Goodbye to summer’s Outdoor Film Festival

First it was Venetian night that got sunk in a money-saving effort on the city’s part to cut costs to shore up a $520 million budget shortfall for 2010.

Now the Chicago’s Outdoor Film Festival is on the chopping block, after a decade of entertaining thousands of people and ranking as one of the city’s ten most popular summertime events.

In 2009, the free Outdoor Festival, held on seven consecutive Tuesday nights, from July 14 to Aug. 25, gave an estimated 183,000 Chicagoans an opportunity to view some of America’s greatest classic films, projected on a huge screen at Grant Park’s Butler Field, with the incomparable skyline as a backdrop.

“The production costs were more than the revenue,” indicated Cindy Gatziolis, spokesperson for the Mayor’s Office of Special Events. As a result, Special Events proposed the $300,000 line item budget cut in order to create departmental cost savings.

Corporate sponsorships throughout the past decade have never covered the Festival’s expenses, creating a fiscal liability for the city. When asked if the Festival could be reinstated in the future, Gatziolis said, “If someone comes to us, offering to cover the cost, we will not turn a deaf ear. It could be resurrected.”

Past years’ sponsors have included ComEd, Turner Classic Movies, WLIT, Charles Schwab Co., Metromix, WNUA 95.5, Comcast and the Chicago Transit Authority.

On average, 20,000-25,000 individuals attended the festival per night, weather permitting since Special Events started the free event in 1999.

For many years, Chicago-made shorts were part of the Tuesday night programs, giving local producers a tremendous outlet for their work to be seen publicly.

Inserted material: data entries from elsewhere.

lemma poly_qpoly_Fq_linear:
  fixes c :: "'b \<Rightarrow> 'a::field"
  assumes "prime CHAR('a)" "q = CHAR('a) ^ k" "\<forall>j\<in>J. c j \<in> Fq q"
  shows "poly (qpoly a q n) (\<Sum>j\<in>J. c j * b j) = (\<Sum>j\<in>J. c j * poly (qpoly a q n) (b j))"
proof -
  have "(\<Sum>j\<in>J. c j * b j) ^ (q ^ i) = (\<Sum>j\<in>J. c j * b j ^ (q ^ i))" for i
    unfolding frobenius_sum[OF assms(1,2)] using assms(3)
    by (intro sum.cong) (auto simp: power_mult_distrib Fq_power)
  then have "poly (qpoly a q n) (\<Sum>j\<in>J. c j * b j) = (\<Sum>i\<le>n. \<Sum>j\<in>J. c j * (a i * b j ^ (q ^ i)))"
    unfolding poly_qpoly by (simp add: sum_distrib_left mult.left_commute)
  also have "\<dots> = (\<Sum>j\<in>J. c j * poly (qpoly a q n) (b j))"
    unfolding poly_qpoly by (subst sum.swap) (simp add: sum_distrib_left)
  finally show ?thesis .
qed

lemma poly_qpoly_scaled:
  "poly (qpoly (\<lambda>i. a i * v ^ (q ^ i)) q n) x = poly (qpoly a q n) (v * x)"
  by (simp add: poly_qpoly power_mult_distrib mult.assoc)

lemma Fq_poly_dvd_qpoly:
  assumes "prime CHAR('a::comm_ring_1)" "q = CHAR('a) ^ k" "(\<Sum>i\<le>n. a i) = (0 :: 'a)"
  shows "Fq_poly q dvd qpoly a q n"
proof -
  have "Fq_poly q dvd (\<Sum>i\<le>n. smult (a i) (Fq_poly (q ^ i)))"
    by (intro dvd_sum dvd_smult Fq_poly_dvd_power[OF assms(1,2)])
  also have "(\<Sum>i\<le>n. smult (a i) (Fq_poly (q ^ i))) = qpoly a q n - monom (\<Sum>i\<le>n. a i) 1"
    by (simp add: Fq_poly_def qpoly_def smult_diff_right smult_monom sum_subtractf monom_sum)
  finally show ?thesis
    using assms(3) by simp
qed

lemma poly_prod_linear_factors_eq_0_iff:
  "poly (\<Prod>r\<leftarrow>rs. [:- r, 1:]) x = 0 \<longleftrightarrow> x \<in> set (rs :: 'a::idom list)"
  by (induction rs) auto

lemma degree_prod_linear_factors: "degree (\<Prod>r\<leftarrow>rs. [:- r, 1:] :: 'a::idom poly) = length rs"
proof (induction rs)
  case (Cons s rs)
  have "(\<Prod>r\<leftarrow>rs. [:- r, 1:] :: 'a poly) \<noteq> 0"
    by (auto simp: prod_list_zero_iff)
  then show ?case
    using Cons.IH by (simp add: degree_mult_eq del: mult_pCons_left)
qed simp

lemma not_distinct_multiple_root:
  fixes rs :: "'a::idom list"
  assumes "\<not> distinct rs"
  shows "\<exists>r. poly (\<Prod>r\<leftarrow>rs. [:- r, 1:]) r = 0 \<and> poly (pderiv (\<Prod>r\<leftarrow>rs. [:- r, 1:])) r = 0"
  using assms
proof (induction rs)
  case (Cons s rs)
  then consider "s \<in> set rs" | r where "poly (\<Prod>r\<leftarrow>rs. [:- r, 1:]) r = 0"
    "poly (pderiv (\<Prod>r\<leftarrow>rs. [:- r, 1:])) r = 0"
    by auto
  then show ?case
  proof cases
    case 1
    then show ?thesis
      by (intro exI[of _ s])
        (simp add: pderiv_mult poly_prod_linear_factors_eq_0_iff del: mult_pCons_left)
  next
    case 2
    then show ?thesis
      by (intro exI[of _ r]) (simp add: pderiv_mult del: mult_pCons_left)
  qed
qed simp

lemma card_roots_separable_splits:
  fixes P :: "'a::field poly"
  assumes "splits P" "\<And>x. poly P x = 0 \<Longrightarrow> poly (pderiv P) x \<noteq> 0"
  shows "card {x. poly P x = 0} = degree P"
proof -
  obtain rs where P: "P = (\<Prod>r\<leftarrow>rs. [:- r, 1:])"
    using assms(1) unfolding splits_def by blast
  have "distinct rs"
  proof (rule ccontr)
    assume "\<not> distinct rs"
    then obtain r where "poly P r = 0" "poly (pderiv P) r = 0"
      unfolding P by (blast dest: not_distinct_multiple_root)
    with assms(2) show False
      by simp
  qed
  then show ?thesis
    by (simp add: P poly_prod_linear_factors_eq_0_iff degree_prod_linear_factors distinct_card)
qed

lemma card_roots_dvd:
  fixes D Q :: "'a::idom poly"
  assumes "D dvd Q" "Q \<noteq> 0" "card {x. poly Q x = 0} = degree Q"
  shows "card {x. poly D x = 0} = degree D"
proof -
  obtain R where Q: "Q = D * R"
    using assms(1) by (elim dvdE)
  then have "D \<noteq> 0" "R \<noteq> 0"
    using assms(2) by auto
  have "degree D + degree R = card {x. poly Q x = 0}"
    using assms(3) degree_mult_eq[OF \<open>D \<noteq> 0\<close> \<open>R \<noteq> 0\<close>] Q by simp
  also have "{x. poly Q x = 0} = {x. poly D x = 0} \<union> {x. poly R x = 0}"
    by (auto simp: Q)
  also have "card \<dots> \<le> card {x. poly D x = 0} + card {x. poly R x = 0}"
    by (rule card_Un_le)
  also have "\<dots> \<le> card {x. poly D x = 0} + degree R"
    using card_poly_roots_bound[OF \<open>R \<noteq> 0\<close>] by simp
  finally show ?thesis
    using card_poly_roots_bound[OF \<open>D \<noteq> 0\<close>] by linarith
qed

lemma card_roots_qpoly:
  assumes "prime CHAR('a::field)" "q = CHAR('a) ^ k" "k \<ge> 1"
    and "a n \<noteq> 0" "a 0 \<noteq> (0 :: 'a)" "splits (qpoly a q n)"
  shows "card {x. poly (qpoly a q n) x = 0} = q ^ n"
proof -
  have "q \<ge> 2"
    using assms(2,3) char_power_ge_2[OF assms(1)] by simp
  have "card {x. poly (qpoly a q n) x = 0} = degree (qpoly a q n)"
    using assms(6) pderiv_qpoly[OF assms(1-3), of a n] assms(5)
    by (intro card_roots_separable_splits) simp_all
  also have "\<dots> = q ^ n"
    using \<open>q \<ge> 2\<close> assms(4) by (simp add: degree_qpoly)
  finally show ?thesis .
qed

definition Fq_span :: "nat \<Rightarrow> 'a::field list \<Rightarrow> 'a set" where
  "Fq_span q bs = {\<Sum>i<length bs. c i * bs ! i | c. \<forall>i<length bs. c i \<in> Fq q}"

definition Fq_independent :: "nat \<Rightarrow> 'a::field list \<Rightarrow> bool" where
  "Fq_independent q bs \<longleftrightarrow> (\<forall>c. (\<forall>i<length bs. c i \<in> Fq q) \<longrightarrow>
     (\<Sum>i<length bs. c i * bs ! i) = 0 \<longrightarrow> (\<forall>i<length bs. c i = 0))"

lemma Fq_independentD:
  assumes "Fq_independent q bs" "\<forall>i<length bs. c i \<in> Fq q" "(\<Sum>i<length bs. c i * bs ! i) = 0"
    and "i < length bs"
  shows "c i = 0"
  using assms unfolding Fq_independent_def by blast

lemma is_Fq_basisD:
  assumes "is_Fq_basis q V bs"
  shows "set bs \<subseteq> V" "Fq_independent q bs" "V \<subseteq> Fq_span q bs"
  using assms unfolding is_Fq_basis_def Fq_independent_def Fq_span_def by auto

lemma Fq_span_eq_image_PiE:
  "Fq_span q bs = (\<lambda>c. \<Sum>i<length bs. c i * bs ! i) ` PiE {..<length bs} (\<lambda>_. Fq q)"
proof (intro equalityI subsetI)
  fix x assume "x \<in> Fq_span q bs"
  then obtain c where c: "\<forall>i<length bs. c i \<in> Fq q" "x = (\<Sum>i<length bs. c i * bs ! i)"
    unfolding Fq_span_def by blast
  then have "restrict c {..<length bs} \<in> PiE {..<length bs} (\<lambda>_. Fq q)"
    "x = (\<Sum>i<length bs. restrict c {..<length bs} i * bs ! i)"
    by auto
  then show "x \<in> (\<lambda>c. \<Sum>i<length bs. c i * bs ! i) ` PiE {..<length bs} (\<lambda>_. Fq q)"
    by blast
qed (auto simp: Fq_span_def PiE_iff)

lemma card_Fq_span:
  assumes "prime CHAR('a::field)" "q = CHAR('a) ^ k" "finite (Fq q :: 'a set)"
    and "Fq_independent q (bs :: 'a list)"
  shows "card (Fq_span q bs) = card (Fq q :: 'a set) ^ length bs"
proof -
  let ?m = "length bs"
  have "inj_on (\<lambda>c. \<Sum>i<?m. c i * bs ! i) (PiE {..<?m} (\<lambda>_. Fq q))"
  proof (rule inj_onI)
    fix c d
    assume c: "c \<in> PiE {..<?m} (\<lambda>_. Fq q)" and d: "d \<in> PiE {..<?m} (\<lambda>_. Fq q)"
      and eq: "(\<Sum>i<?m. c i * bs ! i) = (\<Sum>i<?m. d i * bs ! i)"
    have diff: "\<forall>i<?m. c i - d i \<in> Fq q"
      using c d Fq_diff[OF assms(1,2)] by (auto simp: PiE_iff)
    have "(\<Sum>i<?m. (c i - d i) * bs ! i) = 0"
      using eq by (simp add: left_diff_distrib sum_subtractf)
    note Fq_independentD[OF assms(4) diff this]
    then show "c = d"
      using c d by (intro PiE_ext) auto
  qed
  then show ?thesis
    unfolding Fq_span_eq_image_PiE by (simp add: card_image card_PiE)
qed

lemma Fq_span_subset_roots_qpoly:
  assumes "prime CHAR('a::field)" "q = CHAR('a) ^ k"
    and "\<forall>b\<in>set bs. poly (qpoly a q n) b = (0 :: 'a)"
  shows "Fq_span q bs \<subseteq> {x. poly (qpoly a q n) x = 0}"
  using assms by (auto simp: Fq_span_def poly_qpoly_Fq_linear)

(* Fq q is defined only as the set of roots of x^q - x; its size comes from L.  For a nonzero
   root v the coefficients of L(v x) sum to L(v) = 0, so x^q - x divides L(v x), and a divisor
   of a polynomial with as many distinct roots as its degree inherits this property. *)
lemma card_Fq:
  assumes "prime CHAR('a::field)" "q = CHAR('a) ^ k" "k \<ge> 1"
    and "n \<ge> 1" "a n \<noteq> 0" "card {x. poly (qpoly a q n) x = (0 :: 'a)} = q ^ n"
  shows "card (Fq q :: 'a set) = q"
proof -
  have q: "q \<ge> 2"
    using assms(2,3) char_power_ge_2[OF assms(1)] by simp
  have "\<not> {x. poly (qpoly a q n) x = 0} \<subseteq> {0}"
  proof
    assume "{x. poly (qpoly a q n) x = 0} \<subseteq> {0}"
    then have "q ^ n \<le> 1"
      using card_mono[of "{0}" "{x. poly (qpoly a q n) x = 0}"] assms(6) by simp
    moreover have "q \<le> q ^ n"
      using q assms(4) by (simp add: self_le_power)
    ultimately show False
      using q by simp
  qed
  then obtain v where v: "v \<noteq> 0" "poly (qpoly a q n) v = 0"
    by blast
  define Q where "Q = qpoly (\<lambda>i. a i * v ^ (q ^ i)) q n"
  have "{x. poly Q x = 0} = (\<lambda>w. w / v) ` {x. poly (qpoly a q n) x = 0}"
    using v(1) by (auto simp: Q_def poly_qpoly_scaled image_iff) (metis nonzero_mult_div_cancel_left)
  then have card_Q: "card {x. poly Q x = 0} = q ^ n"
    using v(1) assms(6) by (simp add: card_image inj_on_def)
  have degree_Q: "degree Q = q ^ n"
    using assms(5) v(1) q by (simp add: Q_def degree_qpoly)
  then have "Q \<noteq> 0"
    using q by (intro notI) simp
  have "Fq_poly q dvd Q"
    unfolding Q_def using v(2) by (intro Fq_poly_dvd_qpoly[OF assms(1,2)]) (simp add: poly_qpoly)
  then have "card {x. poly (Fq_poly q :: 'a poly) x = 0} = degree (Fq_poly q :: 'a poly)"
    using \<open>Q \<noteq> 0\<close> by (rule card_roots_dvd) (simp add: card_Q degree_Q)
  then show ?thesis
    unfolding roots_Fq_poly degree_Fq_poly[OF q] .
qed

lemma length_Fq_basis_roots_qpoly:
  assumes "prime CHAR('a::field)" "q = CHAR('a) ^ k" "k \<ge> 1"
    and "is_Fq_basis q {x. poly (qpoly a q n) x = (0 :: 'a)} bs"
    and "card {x. poly (qpoly a q n) x = 0} = q ^ n" "card (Fq q :: 'a set) = q"
  shows "length bs = n"
proof -
  have q: "q \<ge> 2"
    using assms(2,3) char_power_ge_2[OF assms(1)] by simp
  have "finite (Fq q :: 'a set)"
    using assms(6) q by (intro card_ge_0_finite) simp
  then have "q ^ length bs = card (Fq_span q bs)"
    using card_Fq_span[OF assms(1,2)] is_Fq_basisD(2)[OF assms(4)] assms(6) by simp
  also have "Fq_span q bs = {x. poly (qpoly a q n) x = 0}"
    using is_Fq_basisD[OF assms(4)] Fq_span_subset_roots_qpoly[OF assms(1,2)] by blast
  finally have "q ^ length bs = q ^ n"
    using assms(5) by simp
  then show ?thesis
    using q by (simp add: power_inject_exp)
qed

lemma is_subfield_UNIV: "is_subfield UNIV"
  by (simp add: is_subfield_def)

lemma is_subfield_gen_field: "is_subfield (gen_field S)"
  unfolding is_subfield_def gen_field_def by (auto simp: Ball_def)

The July 21, 2009 screening of a classic Marx Brothers film, “Duck Soup,” the Outdoor Film Festival, in conjunction with the Goodman Theatre, gained notoriety when 4,436 film watchers donned Groucho Marx glasses, setting a Guinness World Record for the most people wearing Groucho Mark glasses.

The celebration of classic movies in Chicago is currently not scheduled to take place next summer. Other Chicago events about to become memories are Great Chicago Places and Spaces, Mayor’s Cup Youth Soccer, and Chicago’s Criterium bike races.